To grow in today’s tough economic market, every hour and dollar spent needs to yield positive results that can be used to facilitate growth. Collecting survey data and analyzing the data are two different, but very important steps you must take to help identify crucial areas of growth.

Collecting Data

Data collection comes from a variety of sources and interactions, such as face to face interviews, mail surveys, web survey, and offers, and the amount of information that can be collected and compiled can be staggering. However, simply collecting this data is not enough.  While it is a crucial step, it is what you do with the data that is key to growing your business.

Analyzing your Collected Data

In order to utilize this information to target areas of growth; you will need to have a strategic survey analysis plan in place.  Having a wealth of information on hand is one thing, but being able to effectively use the information is another.

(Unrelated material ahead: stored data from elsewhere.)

lemma (in vec_space) idempotent_rank_factorization:
  assumes P: "P \<in> carrier_mat n n" and idem: "P * P = P"
  obtains B C where "B \<in> carrier_mat n (rank P)" "C \<in> carrier_mat (rank P) n" "P = B * C"
    "C * B = 1\<^sub>m (rank P)"
proof -
  obtain B C where B: "B \<in> carrier_mat n (rank P)" and C: "C \<in> carrier_mat (rank P) n"
    and PBC: "P = B * C" and colsB: "set (cols B) \<subseteq> set (cols P)"
    and dist: "distinct (cols B)" and li: "lin_indpt (set (cols B))"
    by (rule rank_factorization[OF P])
  have PB: "P * B = B"
  proof (rule mat_col_eqI)
    fix i assume "i < dim_col B"
    then have "col B i \<in> set (cols B)" by (simp add: cols_def)
    then have "col B i \<in> set (cols P)" using colsB by blast
    then obtain j where j: "j < n" "col B i = col P j" using P by (auto simp: cols_def)
    have "col (P * B) i = P *\<^sub>v col P j" using col_mult2[OF P B] \<open>i < dim_col B\<close> j B by simp
    also have "\<dots> = col B i" using col_mult2[OF P P j(1)] idem j by simp
    finally show "col (P * B) i = col B i" .
  qed (use P B in auto)
  have "C * B = 1\<^sub>m (rank P)"
  proof (rule mat_col_eqI)
    fix i assume "i < dim_col (1\<^sub>m (rank P))"
    then have i: "i < rank P" by simp
    have "B * (C * B) = B" using PBC PB B C by (metis assoc_mult_mat)
    then have "B *\<^sub>v col (C * B) i = col B i" using B C i by (metis col_mult2 mult_carrier_mat)
    also have "\<dots> = B *\<^sub>v unit_vec (rank P) i"
      using B i by (metis col_mult2 col_one one_carrier_mat right_mult_one_mat)
    finally have "col (C * B) i = unit_vec (rank P) i"
      using lin_indpt_cols_mult_vec_inj[OF B dist li] B C i by simp
    then show "col (C * B) i = col (1\<^sub>m (rank P)) i" using i by simp
  qed (use C B in auto)
  then show thesis using that B C PBC by blast
qed

lemma diag_sum_mult_comm:
  fixes B C :: "'a :: comm_ring mat"
  assumes B: "B \<in> carrier_mat n r" and C: "C \<in> carrier_mat r n"
  shows "(\<Sum>i<n. (B * C) $$ (i, i)) = (\<Sum>k<r. (C * B) $$ (k, k))"
proof -
  have "(\<Sum>i<n. (B * C) $$ (i, i)) = (\<Sum>i<n. \<Sum>k<r. B $$ (i, k) * C $$ (k, i))"
    using B C by (intro sum.cong refl) (auto simp: scalar_prod_def lessThan_atLeast0)
  also have "\<dots> = (\<Sum>k<r. \<Sum>i<n. C $$ (k, i) * B $$ (i, k))"
    by (subst sum.swap) (simp add: mult.commute)
  also have "\<dots> = (\<Sum>k<r. (C * B) $$ (k, k))"
    using B C by (intro sum.cong refl) (auto simp: scalar_prod_def lessThan_atLeast0)
  finally show ?thesis .
qed

lemma rank_idempotent_eq_diag_sum:
  fixes P :: "'a :: field mat"
  assumes P: "P \<in> carrier_mat N N" and idem: "P * P = P"
  shows "of_nat (vec_space.rank N P) = (\<Sum>i<N. P $$ (i, i))"
proof -
  interpret vec_space "TYPE('a)" N .
  obtain B C where B: "B \<in> carrier_mat N (rank P)" and C: "C \<in> carrier_mat (rank P) N"
    and "P = B * C" and CB: "C * B = 1\<^sub>m (rank P)"
    by (rule idempotent_rank_factorization[OF P idem])
  then have "(\<Sum>i<N. P $$ (i, i)) = (\<Sum>k<rank P. (C * B) $$ (k, k))"
    using diag_sum_mult_comm[OF B C] by simp
  then show ?thesis unfolding CB by simp
qed

(* A vector in C^n and an n x n matrix are represented by functions on indices of which only
   the values below n matter; the dimension n is an explicit argument of every operation. *)

definition cinner :: "nat \<Rightarrow> (nat \<Rightarrow> complex) \<Rightarrow> (nat \<Rightarrow> complex) \<Rightarrow> complex" where
  "cinner n a b = (\<Sum>i<n. cnj (a i) * b i)"

definition mvec :: "nat \<Rightarrow> (nat \<Rightarrow> nat \<Rightarrow> complex) \<Rightarrow> (nat \<Rightarrow> complex) \<Rightarrow> nat \<Rightarrow> complex" where
  "mvec n M v = (\<lambda>i. \<Sum>j<n. M i j * v j)"

definition mmult ::
    "nat \<Rightarrow> (nat \<Rightarrow> nat \<Rightarrow> complex) \<Rightarrow> (nat \<Rightarrow> nat \<Rightarrow> complex) \<Rightarrow> nat \<Rightarrow> nat \<Rightarrow> complex" where
  "mmult n A B = (\<lambda>i j. \<Sum>k<n. A i k * B k j)"

definition kdelta :: "nat \<Rightarrow> nat \<Rightarrow> complex" where
  "kdelta i j = (if i = j then 1 else 0)"

definition hermitian_fun :: "nat \<Rightarrow> (nat \<Rightarrow> nat \<Rightarrow> complex) \<Rightarrow> bool" where
  "hermitian_fun n M \<longleftrightarrow> (\<forall>i<n. \<forall>j<n. M j i = cnj (M i j))"

definition psd_fun :: "nat \<Rightarrow> (nat \<Rightarrow> nat \<Rightarrow> complex) \<Rightarrow> bool" where
  "psd_fun n M \<longleftrightarrow> hermitian_fun n M \<and> (\<forall>y. 0 \<le> Re (cinner n y (mvec n M y)))"

lemma cinner_cong:
  "(\<And>i. i < n \<Longrightarrow> a i = a' i) \<Longrightarrow> (\<And>i. i < n \<Longrightarrow> b i = b' i) \<Longrightarrow> cinner n a b = cinner n a' b'"
  unfolding cinner_def by (intro sum.cong) auto

lemma cinner_commute: "cinner n b a = cnj (cinner n a b)"
  unfolding cinner_def by (simp add: mult.commute)

lemma Re_cinner_self: "Re (cinner n y y) = (\<Sum>i<n. (cmod (y i))\<^sup>2)"
  unfolding cinner_def cmod_power2 by (simp add: power2_eq_square)

lemma cinner_self_real: "cinner n y y = of_real (Re (cinner n y y))"
  unfolding cinner_def by (simp add: complex_eq_iff Im_sum)

lemma Re_cinner_self_nonneg: "0 \<le> Re (cinner n y y)"
  unfolding Re_cinner_self by (simp add: sum_nonneg)

lemma Re_cinner_self_eq_0:
  assumes "Re (cinner n y y) = 0" and "i < n"
  shows "y i = 0"
proof -
  have "(cmod (y i))\<^sup>2 \<le> (\<Sum>i<n. (cmod (y i))\<^sup>2)"
    using assms(2) by (intro member_le_sum) auto
  then show ?thesis using assms(1) unfolding Re_cinner_self by simp
qed

lemma cinner_diff_right: "cinner n a (\<lambda>i. x i - y i) = cinner n a x - cinner n a y"
  unfolding cinner_def by (simp add: algebra_simps sum_subtractf)

lemma cinner_scale_right: "cinner n a (\<lambda>i. k * b i) = k * cinner n a b"
  unfolding cinner_def by (simp add: sum_distrib_left mult_ac)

Compile & Validate your Information

Before you do anything, compile the data, including any questions, answers, and profiles of participants.  Make sure it is fairly easy to move and group your results. Check to see that all of the questions were understood.  See if participants made comments about particular questions or left specific questions unanswered, and then consider what you will do with this data.

For example, if your survey question asked the participant to provide a rating from 1-5 and you find the question was answered with something other than <blank>, 1, 2, 3, 4, or 5, how you will interpret the findings?

Identify Patterns

Once you have compiled and validated your results, break the data down by grouping it into classes and recording how many data points fall into each class.  This is where you check for patterns based on gender, race, age, religion or any other information you collected from participants, and where your raw data is transformed into valuable information.

Establish Simple Frequency Distributions for Each Survey Question – Frequency distributions demonstrate how many observations on a given variable have a particular attribute.  You may choose to look at gender, income levels, age ranges, and etc. For example, a survey is taken of 50 people.  The frequency distribution might indicate 25 people selected (a); 5 were female and 20 were male. The other 25 people selected (b); 12 were female and 13 were male.  Distributions may be displayed using percentages, or in terms of a bar chart.

Ultimately, the more detailed your analysis, the more valuable the data becomes.